> WHAT TO WORK ON
Lines to restate from the data below: from the one containing "This holds iff" to the one containing "(mat 1) = mat", both included. Give them again exactly, and only them.

■ ■ ■ ■ ■ ■ ■

(* Under the standing assumptions, writing (R2) for the condition $\mathscr{R}(CC^*B^* )=\mathscr{R}(B^* )$, the following hold. (41) $\{M^{(1,2,4)}\}\subseteq\{C^{-1}B^{(1)}A^{-1}\}$; and $\{M^{(1,2,4)}\}\supseteq\{C^{-1}B^{(1)}A^{-1}\}\Leftrightarrow\{M^{(1,2,4)}\}=\{C^{-1}B^{(1)}A^{-1}\}\Leftrightarrow r(B)=n$. (42) $\{M^{(1,2,4)}\}\subseteq\{C^{-1}B^{(1,2)}A^{-1}\}$; and $\{M^{(1,2,4)}\}\supseteq\{C^{-1}B^{(1,2)}A^{-1}\}\Leftrightarrow\{M^{(1,2,4)}\}=\{C^{-1}B^{(1,2)}A^{-1}\}\Leftrightarrow B=0$ or $r(B)=n$. (43) $\{M^{(1,2,4)}\}\cap\{C^{-1}B^{(1,3)}A^{-1}\}\neq\emptyset$; $\{M^{(1,2,4)}\}\supseteq\{C^{-1}B^{(1,3)}A^{-1}\}\Leftrightarrow r(B)=n$; $\{M^{(1,2,4)}\}\subseteq\{C^{-1}B^{(1,3)}A^{-1}\}\Leftrightarrow B=0$ or $r(B)=m$; $\{M^{(1,2,4)}\}=\{C^{-1}B^{(1,3)}A^{-1}\}\Leftrightarrow r(B)=m=n$. (44) $\{M^{(1,2,4)}\}\cap\{C^{-1}B^{(1,4)}A^{-1}\}\neq\emptyset\Leftrightarrow\{M^{(1,2,4)}\}\subseteq\{C^{-1}B^{(1,4)}A^{-1}\}\Leftrightarrow$ (R2); and $\{M^{(1,2,4)}\}\supseteq\{C^{-1}B^{(1,4)}A^{-1}\}\Leftrightarrow\{M^{(1,2,4)}\}=\{C^{-1}B^{(1,4)}A^{-1}\}\Leftrightarrow$ (R2) and $r(B)=\min\{m,n\}$. (45) $\{M^{(1,2,4)}\}\cap\{C^{-1}B^{(1,2,3)}A^{-1}\}\neq\emptyset$; $\{M^{(1,2,4)}\}\supseteq\{C^{-1}B^{(1,2,3)}A^{-1}\}\Leftrightarrow B=0$ or $r(B)=n$; $\{M^{(1,2,4)}\}\subseteq\{C^{-1}B^{(1,2,3)}A^{-1}\}\Leftrightarrow B=0$ or $r(B)=m$; $\{M^{(1,2,4)}\}=\{C^{-1}B^{(1,2,3)}A^{-1}\}\Leftrightarrow B=0$ or $r(B)=m=n$. (46) $\{M^{(1,2,4)}\}\cap\{C^{-1}B^{(1,2,4)}A^{-1}\}\neq\emptyset\Leftrightarrow\{M^{(1,2,4)}\}=\{C^{-1}B^{(1,2,4)}A^{-1}\}\Leftrightarrow$ (R2). (47) $\{M^{(1,2,4)}\}\cap\{C^{-1}B^{(1,3,4)}A^{-1}\}\neq\emptyset\Leftrightarrow$ (R2); $\{M^{(1,2,4)}\}\supseteq\{C^{-1}B^{(1,3,4)}A^{-1}\}\Leftrightarrow$ (R2) and $r(B)=\min\{m,n\}$; $\{M^{(1,2,4)}\}\subseteq\{C^{-1}B^{(1,3,4)}A^{-1}\}\Leftrightarrow B=0$ or ((R2) and $r(B)=m$); $\{M^{(1,2,4)}\}=\{C^{-1}B^{(1,3,4)}A^{-1}\}\Leftrightarrow$ (R2) and $r(B)=m$. (48) $C^{-1}B^\dagger A^{-1}\in\{M^{(1,2,4)}\}\Leftrightarrow$ (R2).
   Context: Standing assumptions: $m,n\ge1$; $A\in\mathbb{C}^{m\times m}$ and $C\in\mathbb{C}^{n\times n}$ are nonsingular; $B\in\mathbb{C}^{m\times n}$; $M=ABC$. For a complex matrix $X$, $X^*$ is its conjugate transpose, $r(X)$ its rank and $\mathscr{R}(X)$ its column space. For $X\in\mathbb{C}^{p\times q}$, a matrix $G\in\mathbb{C}^{q\times p}$ is called an $\{i,\ldots,j\}$-generalized inverse of $X$ (written $X^{(i,\ldots,j)}$) if it satisfies the equations numbered $i,\ldots,j$ among the four Penrose equations (i) $XGX=X$, (ii) $GXG=G$, (iii) $(XG)^*=XG$, (iv) $(GX)^*=GX$; $\{X^{(i,\ldots,j)}\}$ denotes the set of all such $G$. The Moore–Penrose inverse $X^\dagger$ is the unique matrix satisfying all four equations. For a type $(k,\ldots,l)$, $\{C^{-1}B^{(k,\ldots,l)}A^{-1}\}:=\{C^{-1}GA^{-1}: G\in\{B^{(k,\ldots,l)}\}\}$. *)

theory Defs
  imports "HOL-Analysis.Analysis"
begin

text \<open>Complex matrices are represented as \<open>complex^'n^'m\<close> (m rows, n columns);
  m = CARD('m), n = CARD('n).\<close>

definition cstar :: "complex^'n^'m \<Rightarrow> complex^'m^'n" where
  "cstar X = (\<chi> i j. cnj (X $ j $ i))"

definition colspace :: "complex^'n^'m \<Rightarrow> (complex^'m) set" where
  "colspace X = range (\<lambda>x. X *v x)"

definition gen_inv :: "nat set \<Rightarrow> complex^'n^'m \<Rightarrow> (complex^'m^'n) set" where
  "gen_inv S X = {G.
     (1 \<in> S \<longrightarrow> X ** G ** X = X) \<and>
     (2 \<in> S \<longrightarrow> G ** X ** G = G) \<and>
     (3 \<in> S \<longrightarrow> cstar (X ** G) = X ** G) \<and>
     (4 \<in> S \<longrightarrow> cstar (G ** X) = G ** X)}"

definition moore_penrose :: "complex^'n^'m \<Rightarrow> complex^'m^'n" where
  "moore_penrose X = (THE G. G \<in> gen_inv {1,2,3,4} X)"

definition tri_set :: "complex^'m^'m \<Rightarrow> nat set \<Rightarrow> complex^'n^'m \<Rightarrow> complex^'n^'n \<Rightarrow> (complex^'m^'n) set" where
  "tri_set A S B C = (\<lambda>G. matrix_inv C ** G ** matrix_inv A) ` gen_inv S B"

end

theory Submission
  imports Defs
begin

text \<open>Writing \<open>X = CGA\<close>, \<open>G\<close> is a \<open>{1,2,4}\<close>-inverse of \<open>M = ABC\<close> iff \<open>X\<close> is a
  \<open>{1,2}\<close>-inverse of \<open>B\<close> with \<open>C\<^sup>-\<^sup>1XBC\<close> Hermitian. Hermitian matrices \<open>C\<^sup>-\<^sup>1XBC\<close> of
  this kind absorb each other and hence coincide, so all such \<open>X\<close> share one idempotent \<open>P = XB\<close>.
  Each comparison with a class \<open>{B\<^sup>(\<^sup>S\<^sup>)}\<close> then reduces to two questions. Is \<open>P\<close> Hermitian?
  This holds iff \<open>CC\<^sup>*\<close> commutes with the orthogonal projector \<open>B\<^sup>\<dagger>B\<close> onto \<open>\<R>(B\<^sup>*)\<close>, i.e. iff
  \<open>\<R>(CC\<^sup>*B\<^sup>*) = \<R>(B\<^sup>*)\<close>. Can a generalized inverse be perturbed inside the class by a term
  that \<open>B\<close> annihilates on one side? This is possible exactly when \<open>B\<close> is not left, resp. right,
  invertible, i.e. when \<open>r(B) \<noteq> n\<close>, resp. \<open>r(B) \<noteq> m\<close>.\<close>

lemma cstar_cstar [simp]: "cstar (cstar X) = X"
  by (simp add: cstar_def vec_eq_iff)

lemma cstar_mult: "cstar (X ** Y) = cstar Y ** cstar X"
  by (simp add: cstar_def matrix_matrix_mult_def vec_eq_iff mult.commute)

lemma cstar_add: "cstar (X + Y) = cstar X + cstar Y"
  by (simp add: cstar_def vec_eq_iff)

lemma cstar_diff: "cstar (X - Y) = cstar X - cstar Y"
  by (simp add: cstar_def vec_eq_iff)

lemma cstar_zero [simp]: "cstar 0 = 0"
  by (simp add: cstar_def vec_eq_iff)

lemma cstar_mat_1 [simp]: "cstar (mat 1) = mat 1"
  by (simp add: cstar_def vec_eq_iff mat_def)

lemma cstar_mult_self_eq_zero_iff: "cstar X ** X = 0 \<longleftrightarrow> X = 0"
proof
  assume XX: "cstar X ** X = 0"
  have "X $ k $ j = 0" for k j
  proof -
    have "complex_of_real (\<Sum>k\<in>UNIV. (norm (X $ k $ j))\<^sup>2) = (cstar X ** X) $ j $ j"
      unfolding of_real_sum complex_norm_square
      by (simp add: cstar_def matrix_matrix_mult_def mult.commute)
    then have "complex_of_real (\<Sum>k\<in>UNIV. (norm (X $ k $ j))\<^sup>2) = 0"
      unfolding XX zero_index .
    then have "(\<Sum>k\<in>UNIV. (norm (X $ k $ j))\<^sup>2) = 0"
      by (simp only: of_real_eq_0_iff)
    then show ?thesis
      by (simp add: sum_nonneg_eq_0_iff)
  qed
  then show "X = 0"
    by (simp add: vec_eq_iff)
qed simp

■ ■ ■ ■ ■ ■ ■

> RESULT BELOW
  This holds iff \<open>CC\<^sup>*\<close> commutes with the orthogonal projector \<open>B\<^sup>\<dagger>B\<close> onto \<open>\<R>(B\<^sup>*)\<close>, i.e. iff
  \<open>\<R>(CC\<^sup>*B\<^sup>*) = \<R>(B\<^sup>*)\<close>. Can a generalized inverse be perturbed inside the class by a term
  that \<open>B\<close> annihilates on one side? This is possible exactly when \<open>B\<close> is not left, resp. right,
  invertible, i.e. when \<open>r(B) \<noteq> n\<close>, resp. \<open>r(B) \<noteq> m\<close>.\<close>

lemma cstar_cstar [simp]: "cstar (cstar X) = X"
  by (simp add: cstar_def vec_eq_iff)

lemma cstar_mult: "cstar (X ** Y) = cstar Y ** cstar X"
  by (simp add: cstar_def matrix_matrix_mult_def vec_eq_iff mult.commute)

lemma cstar_add: "cstar (X + Y) = cstar X + cstar Y"
  by (simp add: cstar_def vec_eq_iff)

lemma cstar_diff: "cstar (X - Y) = cstar X - cstar Y"
  by (simp add: cstar_def vec_eq_iff)

lemma cstar_zero [simp]: "cstar 0 = 0"
  by (simp add: cstar_def vec_eq_iff)

lemma cstar_mat_1 [simp]: "cstar (mat 1) = mat 1"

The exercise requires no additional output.